Потом недоверчиво, сторожко оглянулся на темное запотевшее окно и добавил осуждающе:
— История, нежелательная для коммуниста…
Уже на улице, во тьме, сбиваясь с ноги за спиной Шумихина, Николай кое-как разобрался в существе «нежелательной истории». Опарин, оказывается, в свое время сильно повздорил с бывшим начальником оперативного отдела Черноивановым и получил за это выговор…
— Язык все! — негодующе ворчал Шумихин. — В ночь съехались они втроем к Зеленецкой охотбазе переспать до утра — Опарин, Черноиванов и тамошний безголовый геолог Артюхов. На дворе вьюга, им бы, незнакомым людям, перекинуться в подкидного либо в шашки — да под тулупы… Так нет, учинили скандал на весь комбинат!

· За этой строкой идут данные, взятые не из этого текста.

fun dipn_run :: "nat set \<Rightarrow> transition list \<Rightarrow> marking \<Rightarrow> nat \<Rightarrow> marking option" where
  "dipn_run P N M 0 = Some M"
| "dipn_run P N M (Suc k) = (case dipn_run P N M k of None \<Rightarrow> None | Some M' \<Rightarrow> dipn_step P N M')"

definition mk_tr :: "(nat \<times> int \<times> nat) list \<Rightarrow> transition" where
  "mk_tr xs = ((\<lambda>p. case map_of xs p of None \<Rightarrow> 0 | Some ab \<Rightarrow> fst ab),
               (\<lambda>p. case map_of xs p of None \<Rightarrow> 0 | Some ab \<Rightarrow> snd ab))"

definition pX :: nat where "pX = 1"
definition pU :: nat where "pU = 2"
definition pL :: nat where "pL = 3"
definition pR :: nat where "pR = 4"
definition pSTEP :: nat where "pSTEP = 5"
definition pMOVE :: nat where "pMOVE = 6"
definition pRIGHT :: nat where "pRIGHT = 7"
definition pMOVE1 :: nat where "pMOVE1 = 8"

definition upn_places :: "nat set" where "upn_places = {1..14}"

definition UPN :: "transition list" where
  "UPN = map mk_tr [
    [(pL,-1,167),(pSTEP,1,1)],
    [(pR,-1,13596),(pSTEP,1,1)],
    [(pX,4,2),(pU,1,1),(pSTEP,1,0),(pMOVE,0,1),(pRIGHT,0,1)],
    [(pX,4,4),(pSTEP,1,0),(pMOVE,0,1)],
    [(pX,3,1),(pU,1,1),(pSTEP,1,0),(pMOVE,0,1),(pRIGHT,0,1)],
    [(pX,3,4),(pSTEP,1,0),(pMOVE,0,1)],
    [(pX,2,3),(pU,1,1),(pSTEP,1,0),(pMOVE,0,1)],
    [(pX,2,4),(pU,0,1),(pSTEP,1,0),(pMOVE,0,1)],
    [(pX,1,4),(pU,1,0),(pSTEP,1,0),(pMOVE,0,1),(pRIGHT,0,1)],
    [(pX,1,3),(pSTEP,1,0),(pMOVE,0,1)],
    [(pR,1,0),(pMOVE,1,1),(pRIGHT,-1,0),(9,0,5)],
    [(pL,1,0),(pMOVE,1,1),(pRIGHT,1,1),(9,0,5)],
    [(pMOVE,1,0),(10,0,1)],
    [(pR,0,1),(pRIGHT,-1,0),(9,1,0),(10,1,1)],
    [(pL,0,1),(pRIGHT,1,1),(9,1,0),(10,1,1)],
    [(10,1,0),(11,0,1)],
    [(pX,1,0),(pR,0,1),(pRIGHT,-1,0),(11,1,1)],
    [(pX,1,0),(pL,0,1),(pRIGHT,1,1),(11,1,1)],
    [(pMOVE1,0,1),(11,1,0)],
    [(pR,5,0),(pRIGHT,1,1),(pMOVE1,1,1),(14,0,1)],
    [(pL,5,0),(pRIGHT,-1,0),(pMOVE1,1,1),(14,0,1)],
    [(pMOVE1,1,0),(12,0,1)],
    [(pX,0,1),(pR,1,0),(pRIGHT,1,1),(12,1,1)],
    [(pX,0,1),(pL,1,0),(pRIGHT,-1,0),(12,1,1)],
    [(12,1,0),(13,0,1)],
    [(pR,0,1),(pRIGHT,1,1),(13,1,1),(14,1,0)],
    [(pL,0,1),(pRIGHT,-1,0),(13,1,1),(14,1,0)],
    [(pSTEP,0,1),(pRIGHT,1,0),(13,1,0)],
    [(pSTEP,0,1),(13,1,0)]]"

datatype state = u1 | u2
datatype sym = S0 | S1 | S0b | S1b   \<comment> \<open>0, 1, 0-bar, 1-bar\<close>
datatype dir = Lft | Rgt

definition scode :: "state \<Rightarrow> nat" where
  "scode u = (case u of u1 \<Rightarrow> 0 | u2 \<Rightarrow> 1)"

definition ycode :: "sym \<Rightarrow> nat" where
  "ycode y = (case y of S0 \<Rightarrow> 1 | S1 \<Rightarrow> 2 | S0b \<Rightarrow> 3 | S1b \<Rightarrow> 4)"

fun delta :: "sym \<Rightarrow> state \<Rightarrow> sym \<times> dir \<times> state" where
  "delta S0 u1 = (S0b, Lft, u1)"
| "delta S0 u2 = (S1b, Rgt, u1)"
| "delta S1 u1 = (S1b, Lft, u2)"
| "delta S1 u2 = (S0b, Lft, u2)"
| "delta S0b u1 = (S1b, Lft, u1)"
| "delta S0b u2 = (S0, Rgt, u2)"
| "delta S1b u1 = (S1b, Lft, u1)"
| "delta S1b u2 = (S1, Rgt, u2)"

type_synonym config = "state \<times> (int \<Rightarrow> sym) \<times> int"

fun tm_step :: "config \<Rightarrow> config" where
  "tm_step (u, T, h) = (case delta (T h) u of (w, d, u') \<Rightarrow>
      (u', T(h := w), if d = Rgt then h + 1 else h - 1))"

definition w_l :: "sym list" where "w_l = [S0, S0, S0b, S1]"
definition w_r :: "sym list" where "w_r = [S0, S1b, S0b, S0b, S0, S1b]"

definition lam :: "sym list \<Rightarrow> nat" where
  "lam \<alpha> = (\<Sum>i<length \<alpha>. ycode (\<alpha> ! i) * 5 ^ (length \<alpha> - 1 - i))"

definition rho :: "sym list \<Rightarrow> nat" where
  "rho \<beta> = (\<Sum>i<length \<beta>. ycode (\<beta> ! i) * 5 ^ i)"

text \<open>The tape T with head at h is ... w_l w_l alpha x beta w_r w_r ...\<close>
definition weak_decomp :: "(int \<Rightarrow> sym) \<Rightarrow> int \<Rightarrow> sym list \<Rightarrow> sym \<Rightarrow> sym list \<Rightarrow> bool" where
  "weak_decomp T h \<alpha> x \<beta> \<longleftrightarrow>
     T h = x
   \<and> (\<forall>i<length \<alpha>. T (h - int (length \<alpha>) + int i) = \<alpha> ! i)
   \<and> (\<forall>i<length \<beta>. T (h + 1 + int i) = \<beta> ! i)
   \<and> (\<forall>j::nat. T (h - int (length \<alpha>) - 1 - int j) = w_l ! (3 - j mod 4))
   \<and> (\<forall>j::nat. T (h + 1 + int (length \<beta>) + int j) = w_r ! (j mod 6))"

definition weak_tape :: "config \<Rightarrow> bool" where
  "weak_tape C \<longleftrightarrow> (case C of (u, T, h) \<Rightarrow> \<exists>\<alpha> x \<beta>. weak_decomp T h \<alpha> x \<beta>)"

definition represents :: "marking \<Rightarrow> config \<Rightarrow> bool" where
  "represents M C \<longleftrightarrow> (case C of (u, T, h) \<Rightarrow>
     \<exists>\<alpha> x \<beta>. weak_decomp T h \<alpha> x \<beta>
       \<and> M pU = scode u \<and> M pX = ycode x \<and> M pL = lam \<alpha> \<and> M pR = rho \<beta>
       \<and> M pSTEP = 1 \<and> (\<forall>p\<in>{6..14}. M p = 0))"

text \<open>Number of base-5 digits of a natural number (0 has one digit).\<close>
fun digits5 :: "nat \<Rightarrow> nat" where
  "digits5 m = (if m < 5 then 1 else 1 + digits5 (m div 5))"

end

theory Submission
  imports Defs
begin

(* Write L = lam alpha and R = rho beta for the base-5 codes of the two halves of a weak tape.
   One step of WUTM(2,4) is one pass of UPN: an instruction transition t3..t10 rewrites X and U and
   records the direction on RIGHT; then, for a left move, R is multiplied by 5 and the written symbol
   added, while L is divided by 5 with the remainder, the newly scanned symbol, left in X (symmetrically
   for a right move).  Every firing of a pass shifts a bounded number of tokens, so a pass costs
   O(L + R) firings and multiplies L + R by at most 5; the insertion transitions t1, t2 only add a
   constant when alpha or beta is empty.  Hence L + R = O(5^k) after k machine steps, which take
   O(k 5^k) firings, and since no firing adds more than 13596 tokens to a place, all markings up to
   then are 5^O(k), i.e. have O(k) base-5 digits.  Each pass fires at least once, so the run never
   halts. *)

section \<open>Iterating partial step functions\<close>

fun iter_opt :: "('a \<Rightarrow> 'a option) \<Rightarrow> nat \<Rightarrow> 'a \<Rightarrow> 'a option" where
  "iter_opt f 0 x = Some x"
| "iter_opt f (Suc n) x = Option.bind (f x) (iter_opt f n)"

lemma iter_opt_add: "iter_opt f (m + n) x = Option.bind (iter_opt f m x) (iter_opt f n)"
proof (induction m arbitrary: x)
  case (Suc m)
  then show ?case by (cases "f x") simp_all
qed simp

lemma iter_opt_trans:
  "iter_opt f m x = Some y \<Longrightarrow> iter_opt f n y = Some z \<Longrightarrow> iter_opt f (m + n) x = Some z"
  by (simp add: iter_opt_add)

lemma iter_opt_None_mono: "iter_opt f m x = None \<Longrightarrow> m \<le> n \<Longrightarrow> iter_opt f n x = None"
  using iter_opt_add[of f m "n - m" x] by simp

lemma iter_opt_transfer_loop:
  assumes "\<And>k j. f (F (Suc k) j) = Some (F k (j + c))"
  shows "iter_opt f n (F n j) = Some (F 0 (j + c * n))"
  using assms by (induction n arbitrary: j) (simp_all add: algebra_simps)

lemma iter_opt_simulation:
  assumes "\<And>x. map_option g (f x) = f' (g x)"
  shows "map_option g (iter_opt f n x) = iter_opt f' n (g x)"
proof (induction n arbitrary: x)
  case (Suc n)
  have "f' (g x) = map_option g (f x)"
    using assms by simp
  then show ?case using Suc by (cases "f x") simp_all
qed simp

lemma iter_opt_Suc_last: "iter_opt f (Suc n) x = Option.bind (iter_opt f n x) f"
proof (induction n arbitrary: x)
  case 0
  then show ?case by (cases "f x") simp_all
next
  case (Suc n)
  then show ?case by (cases "f x") simp_all
qed

lemma iter_opt_macro_steps:
  fixes f :: "'a \<Rightarrow> 'a option" and W :: "'a \<Rightarrow> nat" and g :: "'c \<Rightarrow> 'c"
  assumes start: "R x0 c0" and "1 \<le> b"
    and macro: "\<And>x c. R x c \<Longrightarrow> \<exists>m y. 0 < m \<and> m \<le> a * W x \<and> W y \<le> b * W x
      \<and> iter_opt f m x = Some y \<and> R y (g c)"
  shows "\<exists>n. n 0 = 0 \<and> strict_mono n
    \<and> (\<forall>k. \<exists>y. iter_opt f (n k) x0 = Some y \<and> R y ((g ^^ k) c0))
    \<and> (\<forall>k. n k \<le> a * k * b ^ k * W x0)"
proof -
  define P where "P k s \<longleftrightarrow> (k = 0 \<longrightarrow> snd s = 0) \<and> R (fst s) ((g ^^ k) c0)
      \<and> iter_opt f (snd s) x0 = Some (fst s) \<and> W (fst s) \<le> b ^ k * W x0
      \<and> snd s \<le> a * k * b ^ k * W x0" for k s
  have "P 0 (x0, 0)"
    using start by (simp add: P_def)
  moreover have "\<exists>t. P (Suc k) t \<and> snd s < snd t" if "P k s" for k s
  proof -
    obtain x n where s: "s = (x, n)"
      by (cases s)
    then have R: "R x ((g ^^ k) c0)" and run: "iter_opt f n x0 = Some x"
      and Wx: "W x \<le> b ^ k * W x0" and n: "n \<le> a * k * b ^ k * W x0"
      using that by (simp_all add: P_def)
    obtain m y where "0 < m" and "m \<le> a * W x" and Wy: "W y \<le> b * W x"
      and step: "iter_opt f m x = Some y" and "R y ((g ^^ Suc k) c0)"
      using macro[OF R] by auto
    have "n + m \<le> a * k * b ^ k * W x0 + a * (b ^ k * W x0)"
      using n \<open>m \<le> a * W x\<close> mult_le_mono2[OF Wx, of a] by linarith
    also have "\<dots> = a * Suc k * b ^ k * W x0"
      by (simp add: algebra_simps)
    also have "\<dots> \<le> a * Suc k * b ^ Suc k * W x0"
      using power_increasing[of k "Suc k" b] \<open>1 \<le> b\<close> by (simp add: mult_le_mono)
    finally have "n + m \<le> a * Suc k * b ^ Suc k * W x0" .
    moreover have "W y \<le> b * (b ^ k * W x0)"
      using Wy mult_le_mono2[OF Wx, of b] by (rule le_trans)
    ultimately have "P (Suc k) (y, n + m)"
      using \<open>R y ((g ^^ Suc k) c0)\<close> iter_opt_trans[OF run step] by (simp add: P_def mult.assoc)
    then show ?thesis
      using \<open>0 < m\<close> s by (intro exI[of _ "(y, n + m)"]) simp
  qed
  ultimately obtain s where P: "\<And>k. P k (s k)" and incr: "\<And>k. snd (s k) < snd (s (Suc k))"
    using dependent_nat_choice[of P "\<lambda>k s t. snd s < snd t"] by blast
  have "strict_mono (snd \<circ> s)"
    using incr by (simp add: strict_mono_Suc_iff)
  then show ?thesis
    using P by (intro exI[of _ "snd \<circ> s"]) (auto simp: P_def)
qed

На беду, попалась этому Артюхову в руки свежая газета, а в ней насчет договора с немцами — дело было в сороковом еще… — негодующе продолжал Шумихин. — Ну, тот молокосос возьми и ляпни: не согласен, мол… Дур-рак, будто кто его согласия спрашивал! Ну, Черноиванов и закрутил это по самой строгой катушке. Артюхова — в конверт, а Илюху — в свидетели. И тут Опарин незрелость проявил… Какую незрелость, спрашиваешь? А ту, что отказался свидетельствовать. «Не вижу, говорит, тут преступления…» Это, мол, бестактность и глупость, не более… Черноиванов ему: это, мол, агитация! А Илья смеется: «Кого же из нас он агитировал? Кто из нас с вами неустойчивый?» И пошло… Одним словом, схлопотал Илья выговор. — Старик споткнулся, замер на узкой тропе, ощупывая палкой дорогу, как слепой. — Через полгода события, правда, развернулись в обратном направлении. По той, по другой ли причине Черноиванов полетел с поста, сменили ему шпалу на три кубаря, да что толку? Илью-то жалко!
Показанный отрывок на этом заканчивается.